A festa terminou, já perto da hora de almoço, com dois professores a dançar ao ritmo da salsa, merengue, tango e milonga.
De seguida foi a vez do público aprender a dançar, os professores fizeram uma espécie de workshop, onde ensinaram alguns movimentos e passos dessas danças.
E mesmo para concluir a parte dos espectáculos, e porque a fome já começava a apertar, foi distribuído por todos os presentes um exemplar do Jornal “A Liberdade”.
Um projecto realizado pelos alunos adultos e pelas professoras.
Ficou no ar a vontade de continuar com este projecto, no entanto as professoras ainda não sabem se ficam colocadas no mesmo estabelecimento de ensino.

Até podíamos dizer que todos os anos existem festas de encerramento de ano lectivo.
Até podíamos dizer que as crianças vivem todas com a mesma alegria o começo das férias.
Até podíamos dizer que é tudo sempre igual.
Mas não é!







Ainda há crianças que abandonam o ano lectivo a meio para ir trabalhar.
Há crianças que vibram pela primeira vez com a liberdade de poder aprender.
Há crianças que vêm pela primeira vez uma mão que as puxa e as lembra que são crianças.
Há adultos que descobrem pela primeira vez a maravilha da aprendizagem.
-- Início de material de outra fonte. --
(* Every $2$-tree $G$ has, for every vertex $v\in V(G)$, a $1$-perfect orientation in which $v$ is a sink (in particular every $2$-tree is $1$-perfectly orientable). Every hollowed $2$-tree is $1$-perfectly orientable, but each of its $1$-perfect orientations has no sink.
   Context: An orientation of $G$ is $1$-perfect if for every vertex the out-neighborhood is a clique in $G$; $G$ is $1$-perfectly orientable if it has one. A sink is a vertex of out-degree $0$. $2$-trees: $K_2$ is a $2$-tree, and adding to a $2$-tree a new vertex adjacent to exactly two adjacent vertices yields a $2$-tree; there are no others. Hollowed $2$-trees: every cycle of length at least $4$ is a hollowed $2$-tree, and adding to a hollowed $2$-tree a new vertex adjacent to exactly two adjacent vertices yields a hollowed $2$-tree; there are no others. *)

theory Defs
  imports Main
begin

text \<open>A finite simple graph is given by a vertex set V and a set E of edges,
each edge being a two-element subset of V.\<close>

definition adj :: "'a set set \<Rightarrow> 'a \<Rightarrow> 'a \<Rightarrow> bool" where
  "adj E u v \<longleftrightarrow> {u, v} \<in> E \<and> u \<noteq> v"

inductive two_tree :: "'a set \<Rightarrow> 'a set set \<Rightarrow> bool" where
  K2: "a \<noteq> b \<Longrightarrow> two_tree {a, b} {{a, b}}"
| extend: "two_tree V E \<Longrightarrow> w \<notin> V \<Longrightarrow> u \<in> V \<Longrightarrow> v \<in> V \<Longrightarrow> adj E u v
    \<Longrightarrow> two_tree (insert w V) (E \<union> {{w, u}, {w, v}})"

definition cycle_edges :: "'a list \<Rightarrow> 'a set set" where
  "cycle_edges vs = {{vs ! i, vs ! ((i + 1) mod length vs)} | i. i < length vs}"

inductive hollowed_two_tree :: "'a set \<Rightarrow> 'a set set \<Rightarrow> bool" where
  cycle: "distinct vs \<Longrightarrow> length vs \<ge> 4 \<Longrightarrow> hollowed_two_tree (set vs) (cycle_edges vs)"
| extend: "hollowed_two_tree V E \<Longrightarrow> w \<notin> V \<Longrightarrow> u \<in> V \<Longrightarrow> v \<in> V \<Longrightarrow> adj E u v
    \<Longrightarrow> hollowed_two_tree (insert w V) (E \<union> {{w, u}, {w, v}})"

definition orientation :: "'a set \<Rightarrow> 'a set set \<Rightarrow> ('a \<times> 'a) set \<Rightarrow> bool" where
  "orientation V E D \<longleftrightarrow>
     (\<forall>(u, v) \<in> D. adj E u v) \<and>
     (\<forall>u v. adj E u v \<longrightarrow> ((u, v) \<in> D \<longleftrightarrow> (v, u) \<notin> D))"

definition out_nbrs :: "('a \<times> 'a) set \<Rightarrow> 'a \<Rightarrow> 'a set" where
  "out_nbrs D x = {y. (x, y) \<in> D}"

definition is_clique :: "'a set set \<Rightarrow> 'a set \<Rightarrow> bool" where
  "is_clique E S \<longleftrightarrow> (\<forall>u \<in> S. \<forall>v \<in> S. u \<noteq> v \<longrightarrow> adj E u v)"

definition one_perfect :: "'a set \<Rightarrow> 'a set set \<Rightarrow> ('a \<times> 'a) set \<Rightarrow> bool" where
  "one_perfect V E D \<longleftrightarrow> orientation V E D \<and> (\<forall>x \<in> V. is_clique E (out_nbrs D x))"

definition one_perfectly_orientable :: "'a set \<Rightarrow> 'a set set \<Rightarrow> bool" where
  "one_perfectly_orientable V E \<longleftrightarrow> (\<exists>D. one_perfect V E D)"

definition is_sink :: "'a set \<Rightarrow> ('a \<times> 'a) set \<Rightarrow> 'a \<Rightarrow> bool" where
  "is_sink V D v \<longleftrightarrow> v \<in> V \<and> out_nbrs D v = {}"

end

theory Submission
  imports Defs
begin

text \<open>
  Both parts go by induction along the construction, adding one vertex w joined to
  an edge ab. For 2-trees the invariant is stronger than the claim: for every edge xy
  there is a 1-perfect orientation in which x is a sink and x is the only out-neighbour
  of y. Such an orientation of the smaller graph extends by w \<rightarrow> a, w \<rightarrow> b for old edges,
  and, for the new edges wa and wb, by making w a sink or by letting w point only to a.

  For hollowed 2-trees, orienting the base cycle cyclically is 1-perfect and w \<rightarrow> a, w \<rightarrow> b
  extends it. On a cycle of length at least 4, an arc v \<rightarrow> u forces the next edge vx to
  point into v, since u and x are not adjacent; starting from a sink this propagates
  around the whole cycle back into the sink. After adding w, an orientation restricts to
  a sinkless one of the smaller graph, so only w can be a sink; then a and b both point
  to w and need a second out-neighbour adjacent to w, which forces a \<rightarrow> b and b \<rightarrow> a.
\<close>

lemma adj_sym: "adj E u v \<longleftrightarrow> adj E v u"
  by (auto simp: adj_def insert_commute)

lemma adj_edges_subset: "\<Union>E \<subseteq> V \<Longrightarrow> adj E u v \<Longrightarrow> u \<in> V \<and> v \<in> V"
  by (auto simp: adj_def)

lemma adj_insert_two_edges_iff:
  "adj (E \<union> {{w, a}, {w, b}}) p q \<longleftrightarrow>
     adj E p q \<or> p \<noteq> q \<and> ({p, q} = {w, a} \<or> {p, q} = {w, b})"
  by (auto simp: adj_def)

lemma is_clique_mono: "E \<subseteq> E' \<Longrightarrow> is_clique E S \<Longrightarrow> is_clique E' S"
  by (auto simp: is_clique_def adj_def)

lemma orientation_arcs_in_vertices:
  "orientation V E D \<Longrightarrow> \<Union>E \<subseteq> V \<Longrightarrow> (p, q) \<in> D \<Longrightarrow> p \<in> V \<and> q \<in> V"
  unfolding orientation_def using adj_edges_subset by fastforce

lemma orientation_sink_in_arc:
  "orientation V E D \<Longrightarrow> out_nbrs D v = {} \<Longrightarrow> adj E v u \<Longrightarrow> (u, v) \<in> D"
  by (auto simp: orientation_def out_nbrs_def)

lemma one_perfect_arc_propagates:
  assumes "one_perfect V E D" "v \<in> V" "(v, u) \<in> D" "adj E v x" "u \<noteq> x" "\<not> adj E u x"
  shows "(x, v) \<in> D"
proof -
  have "(v, x) \<notin> D"
    using assms unfolding one_perfect_def is_clique_def out_nbrs_def by blast
  then show ?thesis
    using assms unfolding one_perfect_def orientation_def by blast
qed

lemma one_perfect_restrict:
  assumes D: "one_perfect V' E' D" and "V \<subseteq> V'" and E: "\<Union>E \<subseteq> V"
    and induced: "\<And>p q. p \<in> V \<Longrightarrow> q \<in> V \<Longrightarrow> adj E' p q \<longleftrightarrow> adj E p q"
  shows "one_perfect V E (D \<inter> V \<times> V)"
proof -
  have "orientation V E (D \<inter> V \<times> V)"
    using D induced adj_edges_subset[OF E] unfolding one_perfect_def orientation_def by fastforce
  moreover have "is_clique E (out_nbrs (D \<inter> V \<times> V) x)" if "x \<in> V" for x
  proof -
    have "is_clique E' (out_nbrs D x)"
      using D that \<open>V \<subseteq> V'\<close> unfolding one_perfect_def by blast
    then show ?thesis
      using induced unfolding is_clique_def out_nbrs_def by blast
  qed
  ultimately show ?thesis
    unfolding one_perfect_def by blast
qed

lemma one_perfect_extend:
  assumes D: "one_perfect V E D" and E: "\<Union>E \<subseteq> V" and w: "w \<notin> V" and "a \<in> V" "b \<in> V"
    and F: "F \<subseteq> {(w, a), (a, w), (w, b), (b, w)}"
    and F_orients: "\<And>x. x \<in> {a, b} \<Longrightarrow> (w, x) \<in> F \<longleftrightarrow> (x, w) \<notin> F"
    and cliques: "\<And>x. x \<in> fst ` F \<Longrightarrow>
      is_clique (E \<union> {{w, a}, {w, b}}) (out_nbrs (D \<union> F) x)"
  shows "one_perfect (insert w V) (E \<union> {{w, a}, {w, b}}) (D \<union> F)"
proof -
  let ?E' = "E \<union> {{w, a}, {w, b}}"
  have "orientation V E D" using D unfolding one_perfect_def by blast
  note D_in_V = orientation_arcs_in_vertices[OF this E]
  have "w \<noteq> a" "w \<noteq> b" using w \<open>a \<in> V\<close> \<open>b \<in> V\<close> by auto
  have "orientation (insert w V) ?E' (D \<union> F)"
    unfolding orientation_def
  proof (intro conjI allI impI)
    show "\<forall>(p, q) \<in> D \<union> F. adj ?E' p q"
    proof (intro ballI, clarify)
      fix p q assume pq: "(p, q) \<in> D \<union> F"
      show "adj ?E' p q"
      proof (cases "(p, q) \<in> D")
        case True
        then have "adj E p q" using D unfolding one_perfect_def orientation_def by blast
        then show ?thesis by (auto simp: adj_def)
      next
        case False
        then have "(p, q) \<in> F" using pq by blast
        then show ?thesis using F \<open>w \<noteq> a\<close> \<open>w \<noteq> b\<close> by (auto simp: adj_def)
      qed
    qed
  next
    fix p q assume "adj ?E' p q"
    then consider "adj E p q" | x where "x \<in> {a, b}" "p = w \<and> q = x \<or> p = x \<and> q = w"
      unfolding adj_insert_two_edges_iff doubleton_eq_iff by blast
    then show "(p, q) \<in> D \<union> F \<longleftrightarrow> (q, p) \<notin> D \<union> F"
    proof cases
      case 1
      then have "p \<in> V" "q \<in> V" using adj_edges_subset[OF E] by blast+
      then have "(p, q) \<notin> F" "(q, p) \<notin> F" using F w by blast+
      moreover have "(p, q) \<in> D \<longleftrightarrow> (q, p) \<notin> D"
        using 1 D unfolding one_perfect_def orientation_def by blast
      ultimately show ?thesis by blast
    next
      case 2
      then have "(p, q) \<notin> D" "(q, p) \<notin> D" using D_in_V w by blast+
      then show ?thesis using 2 F_orients by blast
    qed
  qed
  moreover have "is_clique ?E' (out_nbrs (D \<union> F) x)" if "x \<in> insert w V" for x
  proof (cases "x \<in> fst ` F")
    case True
    then show ?thesis using cliques by blast
  next
    case False
    then have "out_nbrs (D \<union> F) x = out_nbrs D x"
      unfolding out_nbrs_def by force
    moreover have "is_clique E (out_nbrs D x)"
    proof (cases "x = w")
      case True
      then have "out_nbrs D x = {}" using D_in_V w unfolding out_nbrs_def by blast
      then show ?thesis unfolding is_clique_def by blast
    next
      case False
      then show ?thesis using that D unfolding one_perfect_def by blast
    qed
    ultimately show ?thesis
      using is_clique_mono[of E ?E'] by auto
  qed
  ultimately show ?thesis
    unfolding one_perfect_def by blast
qed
Há culturas que se unem; há radicais que se abrem a novas culturas e a novos conhecimentos.
Há professores humildes que descobrem que não existem apenas para ensinar letras e tabuada.
Há mãos de cores diferentes que se entrelaçam, há sentimentos e emoções novos.
No fundo, há esperança!




“Nasce-se cigano.
Agrada-nos caminhar sobre as estrelas.
Contam-se estranhas histórias sobre ciganos.
Diz-se que lemos nas estrelas e que
Possuímos o filtro do amor.
As pessoas não acreditam nas coisas que não
Sabem explicar.
Nós, pelo contrário, não procuramos explicar

As coisas em que acreditamos.”

Quando se morre deixa-se tudo:
um miserável carroção como
grande imperio.
E nós cremos que nesse
momento, é muito melhor
ser cigano do que rei.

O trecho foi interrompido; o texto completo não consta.